Eventually, he'd find himself at room 12 which had some kind of wall harder than diamond and many feet thick (covering the way out which consequently led to Gallifrey--the doctor's home world which he kind of/sort of destroyed). He could hammer at it with his fists and make a small chip here and there like a bird pecking at a diamond. Then his greatest fear would catch him and...dying...the doctor would crawl back to a room where he would fry his own brain with an electrical charge to force a version of himself stuck in the hard drive of a computer to be born so he could start over again (have you guys ever seen the movie "The Prestige"? It's like that). After several billion years of doing this and repeatedly chipping at the wall, he finally breaks through to find Gallifrey. At least, that's what I got from it.

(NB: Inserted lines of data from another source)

(* For a $d$-regular simple graph on $n$ vertices quantised with equi-transmitting scattering matrices, for every $f\in G_1$ and every integer $t\ge0$, $$\psi\big(\hat C^t\tilde\varphi(f)\big)=M^tf.$$
   Context: For directed bond $b$, $o(b),t(b)$ are origin and terminus, $\bar b$ its reversal. For equi-transmitting quantisation, $M$ is the $2B\times2B$ matrix with $M_{bc}=\frac1{d-1}$ if $t(b)=o(c)$ and $c\ne\bar b$, and $0$ otherwise. $e_v\in\mathbb{C}^{2B}$ has component $1$ on each directed bond with origin $v$, $0$ elsewhere; $\tilde e_v$ has component $1$ on each directed bond with terminus $v$, $0$ elsewhere. $G_1=\mathrm{span}\{e_1,\dots,e_n\}$. $\tilde\varphi:G_1\to\mathbb{C}^{2n}$ maps $\sum_va_ve_v$ to $(a_1,\dots,a_n,0,\dots,0)^T$. $\psi:\mathbb{C}^{2n}\to\mathbb{C}^{2B}$ is $\psi(\mathbf a,\mathbf b)=\sum_va_ve_v+\sum_vb_v\tilde e_v$. $C$ is the $n\times n$ connectivity (adjacency) matrix and $\hat C=\begin{pmatrix}0&-\frac1{d-1}I_n\\ I_n&\frac1{d-1}C\end{pmatrix}$. *)

theory Defs
  imports Complex_Main
begin

text \<open>Matrices are represented by their entry functions, acting on vectors
  (functions) indexed by a finite index set I.\<close>

definition mmult :: "'i set \<Rightarrow> ('i \<Rightarrow> 'i \<Rightarrow> complex) \<Rightarrow> ('i \<Rightarrow> 'i \<Rightarrow> complex) \<Rightarrow> ('i \<Rightarrow> 'i \<Rightarrow> complex)" where
  "mmult I A B = (\<lambda>i j. \<Sum>k\<in>I. A i k * B k j)"

fun mpow :: "'i set \<Rightarrow> ('i \<Rightarrow> 'i \<Rightarrow> complex) \<Rightarrow> nat \<Rightarrow> ('i \<Rightarrow> 'i \<Rightarrow> complex)" where
  "mpow I A 0 = (\<lambda>i j. if i = j then 1 else 0)"
| "mpow I A (Suc t) = mmult I (mpow I A t) A"

definition mvec :: "'i set \<Rightarrow> ('i \<Rightarrow> 'i \<Rightarrow> complex) \<Rightarrow> ('i \<Rightarrow> complex) \<Rightarrow> ('i \<Rightarrow> complex)" where
  "mvec I A x = (\<lambda>i. \<Sum>j\<in>I. A i j * x j)"

definition simple_graph :: "nat \<Rightarrow> (nat \<Rightarrow> nat \<Rightarrow> bool) \<Rightarrow> bool" where
  "simple_graph n E \<longleftrightarrow> (\<forall>u v. E u v \<longrightarrow> u \<in> {1..n} \<and> v \<in> {1..n}) \<and>
     (\<forall>u v. E u v \<longrightarrow> E v u) \<and> (\<forall>v. \<not> E v v)"

definition regular :: "nat \<Rightarrow> (nat \<Rightarrow> nat \<Rightarrow> bool) \<Rightarrow> nat \<Rightarrow> bool" where
  "regular n E d \<longleftrightarrow> (\<forall>v\<in>{1..n}. card {u. E v u} = d)"

definition dbonds :: "(nat \<Rightarrow> nat \<Rightarrow> bool) \<Rightarrow> (nat \<times> nat) set" where
  "dbonds E = {(u, v). E u v}"

definition orig :: "nat \<times> nat \<Rightarrow> nat" where "orig b = fst b"
definition termin :: "nat \<times> nat \<Rightarrow> nat" where "termin b = snd b"
definition rev_bond :: "nat \<times> nat \<Rightarrow> nat \<times> nat" where "rev_bond b = (snd b, fst b)"

definition Mmat :: "nat \<Rightarrow> nat \<times> nat \<Rightarrow> nat \<times> nat \<Rightarrow> complex" where
  "Mmat d b c = (if termin b = orig c \<and> c \<noteq> rev_bond b then 1 / (of_nat d - 1) else 0)"

definition e_out :: "nat \<Rightarrow> nat \<times> nat \<Rightarrow> complex" where
  "e_out v b = (if orig b = v then 1 else 0)"

definition e_in :: "nat \<Rightarrow> nat \<times> nat \<Rightarrow> complex" where
  "e_in v b = (if termin b = v then 1 else 0)"

text \<open>Connectivity matrix C on {1..n} and the 2n x 2n matrix C-hat on indices {1..2n}
  (indices 1..n: first block, n+1..2n: second block).\<close>

definition Cmat :: "(nat \<Rightarrow> nat \<Rightarrow> bool) \<Rightarrow> nat \<Rightarrow> nat \<Rightarrow> complex" where
  "Cmat E u v = (if E u v then 1 else 0)"

definition Chat :: "nat \<Rightarrow> (nat \<Rightarrow> nat \<Rightarrow> bool) \<Rightarrow> nat \<Rightarrow> nat \<Rightarrow> nat \<Rightarrow> complex" where
  "Chat n E d i j =
     (if i \<le> n then (if j \<le> n then 0 else (if j - n = i then - 1 / (of_nat d - 1) else 0))
      else (if j \<le> n then (if i - n = j then 1 else 0)
            else Cmat E (i - n) (j - n) / (of_nat d - 1)))"

text \<open>Elements of G_1 written as sum_v a_v e_v; the map phi-tilde and psi.\<close>

definition G1_elem :: "nat \<Rightarrow> (nat \<Rightarrow> complex) \<Rightarrow> nat \<times> nat \<Rightarrow> complex" where
  "G1_elem n a = (\<lambda>b. \<Sum>v\<in>{1..n}. a v * e_out v b)"

definition phi_tilde :: "nat \<Rightarrow> (nat \<Rightarrow> complex) \<Rightarrow> nat \<Rightarrow> complex" where
  "phi_tilde n a = (\<lambda>i. if i \<in> {1..n} then a i else 0)"

definition psi :: "nat \<Rightarrow> (nat \<Rightarrow> complex) \<Rightarrow> nat \<times> nat \<Rightarrow> complex" where
  "psi n x = (\<lambda>b. (\<Sum>v\<in>{1..n}. x v * e_out v b) + (\<Sum>v\<in>{1..n}. x (n + v) * e_in v b))"

end

theory Submission
  imports Defs
begin

text \<open>The map psi intertwines C-hat with M: psi (C-hat x) = M (psi x) for every x.
  On a bond (u,w) the left side is -x(n+u)/(d-1) + x(w) + (sum over v ~ w of x(n+v))/(d-1);
  the first term cancels the summand v = u, and since w has exactly d - 1 neighbours other
  than u, x(w) is the average of d - 1 copies of itself, leaving
  (sum over v ~ w, v \<noteq> u of x(w) + x(n+v))/(d-1), which is (M (psi x))(u,w).
  Iterating this relation and using psi (phi_tilde f) = f gives the claim.\<close>

lemma mvec_mpow_Suc:
  assumes "finite I"
  shows "mvec I (mpow I A (Suc t)) x = mvec I (mpow I A t) (mvec I A x)"
  using assms
  by (simp add: mvec_def mmult_def sum_distrib_left sum_distrib_right mult.assoc fun_eq_iff;
      subst sum.swap; simp)

lemma mvec_mpow_0:
  assumes "finite I" "i \<in> I"
  shows "mvec I (mpow I A 0) x i = x i"
proof -
  have "mvec I (mpow I A 0) x i = (\<Sum>j\<in>I. if i = j then x j else 0)"
    unfolding mvec_def by (intro sum.cong) auto
  then show ?thesis using assms by simp
qed

lemma mvec_cong: "(\<And>j. j \<in> I \<Longrightarrow> x j = y j) \<Longrightarrow> mvec I A x i = mvec I A y i"
  unfolding mvec_def by (rule sum.cong) auto

lemma mvec_mpow_intertwine:
  assumes "finite I" "finite J"
    and local: "\<And>x y j. j \<in> J \<Longrightarrow> (\<And>i. i \<in> I \<Longrightarrow> x i = y i) \<Longrightarrow> P x j = P y j"
    and intertwine: "\<And>x j. j \<in> J \<Longrightarrow> P (mvec I A x) j = mvec J B (P x) j"
    and "j \<in> J"
  shows "P (mvec I (mpow I A t) x) j = mvec J (mpow J B t) (P x) j"
  using \<open>j \<in> J\<close>
proof (induction t arbitrary: x j)
  case 0
  have "P (mvec I (mpow I A 0) x) j = P x j"
    using 0 by (intro local) (simp_all add: mvec_mpow_0 \<open>finite I\<close> del: mpow.simps)
  also have "\<dots> = mvec J (mpow J B 0) (P x) j"
    using 0 by (simp add: mvec_mpow_0 \<open>finite J\<close> del: mpow.simps)
  finally show ?case .
next
  case (Suc t)
  have "P (mvec I (mpow I A (Suc t)) x) j = P (mvec I (mpow I A t) (mvec I A x)) j"
    by (simp only: mvec_mpow_Suc[OF \<open>finite I\<close>])
  also have "\<dots> = mvec J (mpow J B t) (P (mvec I A x)) j"
    using Suc by blast
  also have "\<dots> = mvec J (mpow J B t) (mvec J B (P x)) j"
    by (intro mvec_cong intertwine)
  also have "\<dots> = mvec J (mpow J B (Suc t)) (P x) j"
    by (simp only: mvec_mpow_Suc[OF \<open>finite J\<close>])
  finally show ?case .
qed

lemma dbonds_subset:
  assumes "simple_graph n E"
  shows "dbonds E \<subseteq> {1..n} \<times> {1..n}"
  using assms by (auto simp: simple_graph_def dbonds_def)

lemma finite_dbonds:
  assumes "simple_graph n E"
  shows "finite (dbonds E)"
  using dbonds_subset[OF assms] by (rule finite_subset) auto

lemma neighbours_subset:
  assumes "simple_graph n E"
  shows "{v. E w v} \<subseteq> {1..n}"
  using assms by (auto simp: simple_graph_def)

lemma psi_bond:
  assumes "simple_graph n E" "(u, w) \<in> dbonds E"
  shows "psi n y (u, w) = y u + y (n + w)"
proof -
  have "u \<in> {1..n}" "w \<in> {1..n}" using dbonds_subset[OF assms(1)] assms(2) by auto
  then show ?thesis
    by (simp add: psi_def e_out_def e_in_def orig_def termin_def if_distrib cong: if_cong)
qed

lemma psi_phi_tilde: "psi n (phi_tilde n a) = G1_elem n a"
  by (simp add: psi_def G1_elem_def phi_tilde_def fun_eq_iff)

lemma mvec_Chat_upper:
  assumes "i \<in> {1..n}"
  shows "mvec {1..2*n} (Chat n E d) x i = - x (n + i) / (of_nat d - 1)"
proof -
  have "mvec {1..2*n} (Chat n E d) x i
      = (\<Sum>j\<in>{1..2*n}. if j = n + i then - x j / (of_nat d - 1) else 0)"
    unfolding mvec_def using assms by (intro sum.cong) (auto simp: Chat_def)
  then show ?thesis using assms by (simp add: sum.delta')
qed

lemma mvec_Chat_lower:
  assumes "simple_graph n E" "w \<in> {1..n}"
  shows "mvec {1..2*n} (Chat n E d) x (n + w)
     = x w + (\<Sum>v\<in>{v. E w v}. x (n + v)) / (of_nat d - 1)"
proof -
  let ?c = "Chat n E d (n + w)"
  have split: "{1..2*n} = {1..n} \<union> (\<lambda>v. n + v) ` {1..n}"
    by (auto simp: image_iff)
  have "mvec {1..2*n} (Chat n E d) x (n + w)
      = (\<Sum>j\<in>{1..n}. ?c j * x j) + (\<Sum>j\<in>(\<lambda>v. n + v) ` {1..n}. ?c j * x j)"
    unfolding mvec_def split by (rule sum.union_disjoint) auto
  also have "(\<Sum>j\<in>{1..n}. ?c j * x j) = (\<Sum>j\<in>{1..n}. if j = w then x j else 0)"
    using assms(2) by (intro sum.cong) (auto simp: Chat_def)
  also have "\<dots> = x w" using assms(2) by (simp add: sum.delta')
  also have "(\<Sum>j\<in>(\<lambda>v. n + v) ` {1..n}. ?c j * x j) = (\<Sum>v\<in>{1..n}. ?c (n + v) * x (n + v))"
    by (subst sum.reindex) (auto simp: inj_on_def)
  also have "\<dots> = (\<Sum>v\<in>{1..n}. if E w v then x (n + v) / (of_nat d - 1) else 0)"
    using assms(2) by (intro sum.cong) (auto simp: Chat_def Cmat_def)
  also have "\<dots> = (\<Sum>v\<in>{v. E w v}. x (n + v) / (of_nat d - 1))"
    using neighbours_subset[OF assms(1)] by (simp add: sum.If_cases Int_absorb1)
  finally show ?thesis by (simp add: sum_divide_distrib)
qed

lemma mvec_Mmat_bond:
  assumes "simple_graph n E"
  shows "mvec (dbonds E) (Mmat d) z (u, w)
     = (\<Sum>v\<in>{v. E w v} - {u}. z (w, v)) / (of_nat d - 1)"
proof -
  have "mvec (dbonds E) (Mmat d) z (u, w)
     = (\<Sum>c\<in>dbonds E. if fst c = w \<and> c \<noteq> (w, u) then z c / (of_nat d - 1) else 0)"
    unfolding mvec_def
    by (intro sum.cong) (auto simp: Mmat_def termin_def orig_def rev_bond_def)
  also have "\<dots> = (\<Sum>c\<in>{c\<in>dbonds E. fst c = w \<and> c \<noteq> (w, u)}. z c / (of_nat d - 1))"
    by (simp add: sum.inter_filter finite_dbonds[OF assms])
  also have "{c\<in>dbonds E. fst c = w \<and> c \<noteq> (w, u)} = Pair w ` ({v. E w v} - {u})"
    by (auto simp: dbonds_def)
  also have "(\<Sum>c\<in>Pair w ` ({v. E w v} - {u}). z c / (of_nat d - 1))
     = (\<Sum>v\<in>{v. E w v} - {u}. z (w, v) / (of_nat d - 1))"
    by (subst sum.reindex) (auto simp: inj_on_def)
  finally show ?thesis by (simp add: sum_divide_distrib)
qed

lemma psi_Chat_eq_Mmat_psi:
  assumes g: "simple_graph n E" and "regular n E d" and "d \<ge> 2" and b: "(u, w) \<in> dbonds E"
  shows "psi n (mvec {1..2*n} (Chat n E d) x) (u, w) = mvec (dbonds E) (Mmat d) (psi n x) (u, w)"
proof -
  let ?D = "of_nat d - 1 :: complex"
  let ?N = "{v. E w v} - {u}"
  have "u \<in> {1..n}" "w \<in> {1..n}" "E w u"
    using dbonds_subset[OF g] b g by (auto simp: dbonds_def simple_graph_def)
  have fin: "finite {v. E w v}"
    using neighbours_subset[OF g] by (rule finite_subset) simp
  have card: "of_nat (card ?N) = ?D"
    using \<open>regular n E d\<close> \<open>w \<in> {1..n}\<close> \<open>E w u\<close> \<open>d \<ge> 2\<close> fin
    by (simp add: regular_def of_nat_diff)
  have "?D \<noteq> 0"
    using \<open>d \<ge> 2\<close> by (metis of_nat_1 of_nat_eq_iff right_minus_eq Suc_1 not_less_eq_eq order_refl)
  have neighbours: "(\<Sum>v\<in>{v. E w v}. x (n + v)) = x (n + u) + (\<Sum>v\<in>?N. x (n + v))"
    using fin \<open>E w u\<close> by (simp add: sum.remove)
  have "(\<Sum>v\<in>?N. psi n x (w, v)) = (\<Sum>v\<in>?N. x w + x (n + v))"
    by (intro sum.cong refl) (auto simp: psi_bond[OF g] dbonds_def)
  also have "\<dots> = ?D * x w + (\<Sum>v\<in>?N. x (n + v))"
    by (simp add: sum.distrib card)
  finally have outgoing: "(\<Sum>v\<in>?N. psi n x (w, v)) = ?D * x w + (\<Sum>v\<in>?N. x (n + v))" .
  have "psi n (mvec {1..2*n} (Chat n E d) x) (u, w)
     = - x (n + u) / ?D + (x w + (\<Sum>v\<in>{v. E w v}. x (n + v)) / ?D)"
    by (simp only: psi_bond[OF g b] mvec_Chat_upper[OF \<open>u \<in> {1..n}\<close>]
        mvec_Chat_lower[OF g \<open>w \<in> {1..n}\<close>])
  also have "\<dots> = (?D * x w + (\<Sum>v\<in>?N. x (n + v))) / ?D"
    using \<open>?D \<noteq> 0\<close> unfolding neighbours add_divide_distrib by simp
  also have "\<dots> = mvec (dbonds E) (Mmat d) (psi n x) (u, w)"
    by (simp add: mvec_Mmat_bond[OF g] outgoing)
  finally show ?thesis .
qed

theorem proposition7:
  fixes n d :: nat and E :: "nat \<Rightarrow> nat \<Rightarrow> bool" and a :: "nat \<Rightarrow> complex" and t :: nat
  assumes "simple_graph n E" and "regular n E d" and "d \<ge> 2"
  shows "\<forall>b\<in>dbonds E.
    psi n (mvec {1..2*n} (mpow {1..2*n} (Chat n E d) t) (phi_tilde n a)) b
      = mvec (dbonds E) (mpow (dbonds E) (Mmat d) t) (G1_elem n a) b"
proof
  fix b assume b: "b \<in> dbonds E"
  have local: "psi n x c = psi n y c"
    if "c \<in> dbonds E" "\<And>i. i \<in> {1..2*n} \<Longrightarrow> x i = y i" for x y c
    using that dbonds_subset[OF assms(1)]
    by (cases c) (force simp: psi_bond[OF assms(1)])
  have intertwine: "psi n (mvec {1..2*n} (Chat n E d) x) c = mvec (dbonds E) (Mmat d) (psi n x) c"
    if "c \<in> dbonds E" for x c
    using that psi_Chat_eq_Mmat_psi[OF assms] by (cases c) blast
  show "psi n (mvec {1..2*n} (mpow {1..2*n} (Chat n E d) t) (phi_tilde n a)) b
      = mvec (dbonds E) (mpow (dbonds E) (Mmat d) t) (G1_elem n a) b"
    using mvec_mpow_intertwine[where P = "psi n", OF finite_atLeastAtMost finite_dbonds[OF assms(1)] local intertwine b]
    by (simp only: psi_phi_tilde)
qed

end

The episode was as creepy as Doctor Who gets too. It effectively used lighting and the loneliness of being trapped in this shifting prison (not to mention the buzzing flies which heralded the approach of the monster) to convey fear. And when the mystery of thousands of skulls buried beneath the water was solved (they all belong to the Doctor and his billions of reincarnations) the true horror of this place set in. Basically, the Doctor was trapped in his own hell and just like the journey the narrator takes in Dante's Inferno, he had to pass through the portal in the ninth layer before he could begin the ascent to some kind of redemption.
Anyway, the great reveal at the end of the episode is another confession from the Doctor: that he's the Hybrid, and I've got to confess I'm not really sure what that all means in the lexicon of Doctor Who. Any readers care to explain it to me? I'd be interested to know. This series continuously pushes the envelope of what I think I understand.